(* Consider the following game for an adversary $\mathcal{A}=(\mathcal{A}_M,\mathcal{A}_L,\mathcal{A}_R)$ with parameter $n=n(\lambda)$: (1) The challenger samples a uniformly random invertible $U\in\mathbb{F}_2^{n\times n}$, lets $A$ be the span of its first $n/2$ columns, samples $s\leftarrow\mathsf{CS}(A)$ and $t\leftarrow\mathsf{CS}(A^\perp)$ uniformly, and sends $|A_{s,t}\rangle$ to $\mathcal{A}_M$. (2) $\mathcal{A}_M$ may abort (the game outcome is then $\bot$); otherwise it produces a bipartite state on registers $\mathbf{L}\mathbf{R}$, sending $\mathbf{L}$ to $\mathcal{A}_L$ and $\mathbf{R}$ to $\mathcal{A}_R$. (3) The challenger samples $r_L,r_R\leftarrow\mathbb{F}_2^n$ uniformly; $\mathcal{A}_L$ receives $(U,r_L)$ and outputs $b_0^l$, $\mathcal{A}_R$ receives $(U,r_R)$ and outputs $b_1^r$. The adversary wins iff $b_0^l\oplus b_1^r=\langle r_L,s\rangle\oplus\langle r_R,t\rangle$. Then for any adversary $\mathcal{A}$ with $\Pr[\text{outcome}\ne\bot]\ge 1/\mathrm{poly}(\lambda)$, $$\frac{\Pr[\text{outcome}=1]}{\Pr[\text{outcome}\ne\bot]}\le\frac12+\mathrm{negl}(\lambda).$$
   Context: Coset state: $|A_{s,t}\rangle=\frac{1}{\sqrt{|A|}}\sum_{a\in A}(-1)^{\langle a,t\rangle}|a+s\rangle$. Canonical coset representatives: let $A\le\mathbb{F}_2^n$ be the span of the columns of an invertible $U$ with indices in a set $C$. $\mathsf{Can}_A(s):=Uw$ where $w$ is $U^{-1}s$ with the coordinates indexed by $C$ replaced by zeros; $\mathsf{Can}_{A^\perp}(s'):=U^{-t}w'$ where $w'$ is $U^{t}s'$ with coordinates not indexed by $C$ replaced by zeros; $\mathsf{CS}(A)$ and $\mathsf{CS}(A^\perp)$ are the respective images. Outcome $1/0/\bot$ means win/lose/abort. One may use as known that without the abort option, every adversary wins this game (the XOR version) with probability at most $1/2+\mathrm{negl}(\lambda)$. *)

theory Defs
  imports Complex_Main "HOL-Library.Z2" "Jordan_Normal_Form.Matrix"
begin

definition inv_mat2 :: "bit mat \<Rightarrow> bit mat" where
  "inv_mat2 U = (SOME V. inverts_mat U V \<and> inverts_mat V U)"

definition idxC :: "nat \<Rightarrow> nat set" where
  "idxC n = {..< n div 2}"

definition subA :: "nat \<Rightarrow> bit mat \<Rightarrow> bit vec set" where
  "subA n U = {U *\<^sub>v w | w. w \<in> carrier_vec n \<and> (\<forall>i<n. i \<notin> idxC n \<longrightarrow> w $ i = 0)}"

definition CanA :: "nat \<Rightarrow> bit mat \<Rightarrow> bit vec \<Rightarrow> bit vec" where
  "CanA n U s = U *\<^sub>v (let w = inv_mat2 U *\<^sub>v s in vec n (\<lambda>i. if i \<in> idxC n then 0 else w $ i))"

definition CanAperp :: "nat \<Rightarrow> bit mat \<Rightarrow> bit vec \<Rightarrow> bit vec" where
  "CanAperp n U s' = transpose_mat (inv_mat2 U) *\<^sub>v
     (let w' = transpose_mat U *\<^sub>v s' in vec n (\<lambda>i. if i \<in> idxC n then w' $ i else 0))"

definition CSA :: "nat \<Rightarrow> bit mat \<Rightarrow> bit vec set" where
  "CSA n U = CanA n U ` carrier_vec n"

definition CSAperp :: "nat \<Rightarrow> bit mat \<Rightarrow> bit vec set" where
  "CSAperp n U = CanAperp n U ` carrier_vec n"

definition InvMats :: "nat \<Rightarrow> bit mat set" where
  "InvMats n = {U \<in> carrier_mat n n. invertible_mat U}"

text \<open>Computational basis index i < 2^n corresponds to the bit string x with x_j = j-th binary digit of i.\<close>
definition dec :: "nat \<Rightarrow> nat \<Rightarrow> bit vec" where
  "dec n i = vec n (\<lambda>j. if odd (i div 2 ^ j) then 1 else 0)"

definition sgn_bit :: "bit \<Rightarrow> complex" where
  "sgn_bit b = (if b = 1 then -1 else 1)"

text \<open>Coset state |A_{s,t}> = |A|^{-1/2} sum_{a in A} (-1)^{<a,t>} |a+s>.\<close>
definition coset_state :: "nat \<Rightarrow> bit mat \<Rightarrow> bit vec \<Rightarrow> bit vec \<Rightarrow> complex vec" where
  "coset_state n U s t = vec (2 ^ n) (\<lambda>i.
     (let a = dec n i + s in
      if a \<in> subA n U then sgn_bit (a \<bullet> t) / complex_of_real (sqrt (real (card (subA n U)))) else 0))"

definition norm2 :: "complex vec \<Rightarrow> real" where
  "norm2 v = (\<Sum>i<dim_vec v. (cmod (v $ i))\<^sup>2)"

definition qform :: "complex mat \<Rightarrow> complex vec \<Rightarrow> complex" where
  "qform M v = (\<Sum>i<dim_vec v. cnj (v $ i) * (M *\<^sub>v v) $ i)"

text \<open>Kronecker (tensor) product; index of L \<otimes> R is iL * dR + iR.\<close>
definition kron :: "complex mat \<Rightarrow> complex mat \<Rightarrow> complex mat" where
  "kron M N = mat (dim_row M * dim_row N) (dim_col M * dim_col N)
     (\<lambda>(i, j). M $$ (i div dim_row N, j div dim_col N) * N $$ (i mod dim_row N, j mod dim_col N))"

definition effect :: "nat \<Rightarrow> complex mat \<Rightarrow> bool" where
  "effect d E \<longleftrightarrow> E \<in> carrier_mat d d \<and>
     (\<forall>v \<in> carrier_vec d. Im (qform E v) = 0 \<and> 0 \<le> Re (qform E v) \<and> Re (qform E v) \<le> norm2 v)"

definition povm2 :: "nat \<Rightarrow> complex mat \<Rightarrow> bit \<Rightarrow> complex mat" where
  "povm2 d E b = (if b = 1 then E else 1\<^sub>m d - E)"

text \<open>An adversary (for one value of the security parameter):
  A_M is a quantum instrument with outcomes abort / continue; the continue branch is the
  completely positive map with Kraus operators kraus (from C^{2^n} to C^{dL} \<otimes> C^{dR}),
  the abort branch is the remaining probability mass.  A_L (resp. A_R), on input (U, r),
  performs the two-outcome measurement with effect measL U r (resp. measR U r) for output 1.\<close>
record adv =
  dL :: nat
  dR :: nat
  kraus :: "complex mat list"
  measL :: "bit mat \<Rightarrow> bit vec \<Rightarrow> complex mat"
  measR :: "bit mat \<Rightarrow> bit vec \<Rightarrow> complex mat"

definition valid_adv :: "nat \<Rightarrow> adv \<Rightarrow> bool" where
  "valid_adv n B \<longleftrightarrow>
     (\<forall>K \<in> set (kraus B). K \<in> carrier_mat (dL B * dR B) (2 ^ n)) \<and>
     (\<forall>v \<in> carrier_vec (2 ^ n). (\<Sum>K\<leftarrow>kraus B. norm2 (K *\<^sub>v v)) \<le> norm2 v) \<and>
     (\<forall>U \<in> InvMats n. \<forall>r \<in> carrier_vec n.
        effect (dL B) (measL B U r) \<and> effect (dR B) (measR B U r))"

definition never_aborts :: "nat \<Rightarrow> adv \<Rightarrow> bool" where
  "never_aborts n B \<longleftrightarrow>
     (\<forall>v \<in> carrier_vec (2 ^ n). (\<Sum>K\<leftarrow>kraus B. norm2 (K *\<^sub>v v)) = norm2 v)"

definition game_avg :: "nat \<Rightarrow> (bit mat \<Rightarrow> bit vec \<Rightarrow> bit vec \<Rightarrow> bit vec \<Rightarrow> bit vec \<Rightarrow> real) \<Rightarrow> real" where
  "game_avg n f =
     (\<Sum>U \<in> InvMats n. \<Sum>s \<in> CSA n U. \<Sum>t \<in> CSAperp n U.
        \<Sum>rL \<in> carrier_vec n. \<Sum>rR \<in> carrier_vec n.
          f U s t rL rR
          / (real (card (InvMats n)) * real (card (CSA n U)) * real (card (CSAperp n U))
             * real (card (carrier_vec n :: bit vec set)) ^ 2))"

definition nonabort_prob :: "nat \<Rightarrow> adv \<Rightarrow> real" where
  "nonabort_prob n B = game_avg n (\<lambda>U s t rL rR.
     (\<Sum>K\<leftarrow>kraus B. norm2 (K *\<^sub>v coset_state n U s t)))"

definition win_prob :: "nat \<Rightarrow> adv \<Rightarrow> real" where
  "win_prob n B = game_avg n (\<lambda>U s t rL rR.
     (\<Sum>K\<leftarrow>kraus B.
        \<Sum>bl \<in> (UNIV :: bit set). \<Sum>br \<in> (UNIV :: bit set).
          if bl + br = rL \<bullet> s + rR \<bullet> t
          then Re (qform (kron (povm2 (dL B) (measL B U rL) bl) (povm2 (dR B) (measR B U rR) br))
                         (K *\<^sub>v coset_state n U s t))
          else 0))"

definition negligible :: "(nat \<Rightarrow> real) \<Rightarrow> bool" where
  "negligible f \<longleftrightarrow> (\<forall>c::nat. \<forall>\<^sub>F k in sequentially. \<bar>f k\<bar> \<le> 1 / real k ^ c)"

definition noticeable :: "(nat \<Rightarrow> real) \<Rightarrow> bool" where
  "noticeable f \<longleftrightarrow> (\<exists>c::nat. \<forall>\<^sub>F k in sequentially. f k \<ge> 1 / real k ^ c)"

end

theory Submission
  imports Defs
begin

text \<open>An adversary that may abort is turned into one that never aborts. The Kraus operators
  of its first stage are completed to a trace-preserving family: a Cholesky factorisation of
  the positive semidefinite defect \<open>I - \<Sum> K\<^sup>* K\<close> supplies rank-one operators for the abort
  branch, and these send the state to a fresh basis vector of the left register, on which the
  left party answers with a fair coin. The new adversary wins with probability
  \<open>Pr[win] + Pr[abort] / 2\<close>, so the known bound \<open>1/2 + negl\<close> for non-aborting adversaries
  gives \<open>Pr[win] \<le> Pr[not abort] / 2 + negl\<close>; dividing by the noticeable \<open>Pr[not abort]\<close>
  keeps the error negligible.\<close>

section \<open>Positive semidefinite forms are sums of squares\<close>

definition quad_form :: "nat \<Rightarrow> (nat \<Rightarrow> nat \<Rightarrow> complex) \<Rightarrow> (nat \<Rightarrow> complex) \<Rightarrow> complex" where
  "quad_form d m v = (\<Sum>i<d. \<Sum>j<d. cnj (v i) * m i j * v j)"

definition lin_form :: "nat \<Rightarrow> (nat \<Rightarrow> complex) \<Rightarrow> (nat \<Rightarrow> complex) \<Rightarrow> complex" where
  "lin_form d r v = (\<Sum>j<d. r j * v j)"

definition hermitian_on :: "nat \<Rightarrow> (nat \<Rightarrow> nat \<Rightarrow> complex) \<Rightarrow> bool" where
  "hermitian_on d m \<longleftrightarrow> (\<forall>i<d. \<forall>j<d. m i j = cnj (m j i))"

definition psd_on :: "nat \<Rightarrow> (nat \<Rightarrow> nat \<Rightarrow> complex) \<Rightarrow> bool" where
  "psd_on d m \<longleftrightarrow> (\<forall>v. 0 \<le> Re (quad_form d m v))"

definition supported_from :: "nat \<Rightarrow> nat \<Rightarrow> (nat \<Rightarrow> nat \<Rightarrow> complex) \<Rightarrow> bool" where
  "supported_from k d m \<longleftrightarrow> (\<forall>i<d. \<forall>j<d. i < k \<or> j < k \<longrightarrow> m i j = 0)"

lemmas unit_delta_simps = if_distrib[of cnj] if_distrib[of "\<lambda>x. x * _"] if_distrib[of "\<lambda>x. _ * x"]

lemma hermitian_onD: "hermitian_on d m \<Longrightarrow> i < d \<Longrightarrow> j < d \<Longrightarrow> m i j = cnj (m j i)"
  unfolding hermitian_on_def by blast

lemma quad_form_unit:
  assumes "j < d"
  shows "quad_form d m (\<lambda>i. if i = j then 1 else 0) = m j j"
  using assms unfolding quad_form_def by (simp add: unit_delta_simps cong: if_cong)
++++
> Exercise
Scan the material above for the string "bullet" and return the lines that hold it.

> Result of this exercise
      if a \<in> subA n U then sgn_bit (a \<bullet> t) / complex_of_real (sqrt (real (card (subA n U)))) else 0))"
          if bl + br = rL \<bullet> s + rR \<bullet> t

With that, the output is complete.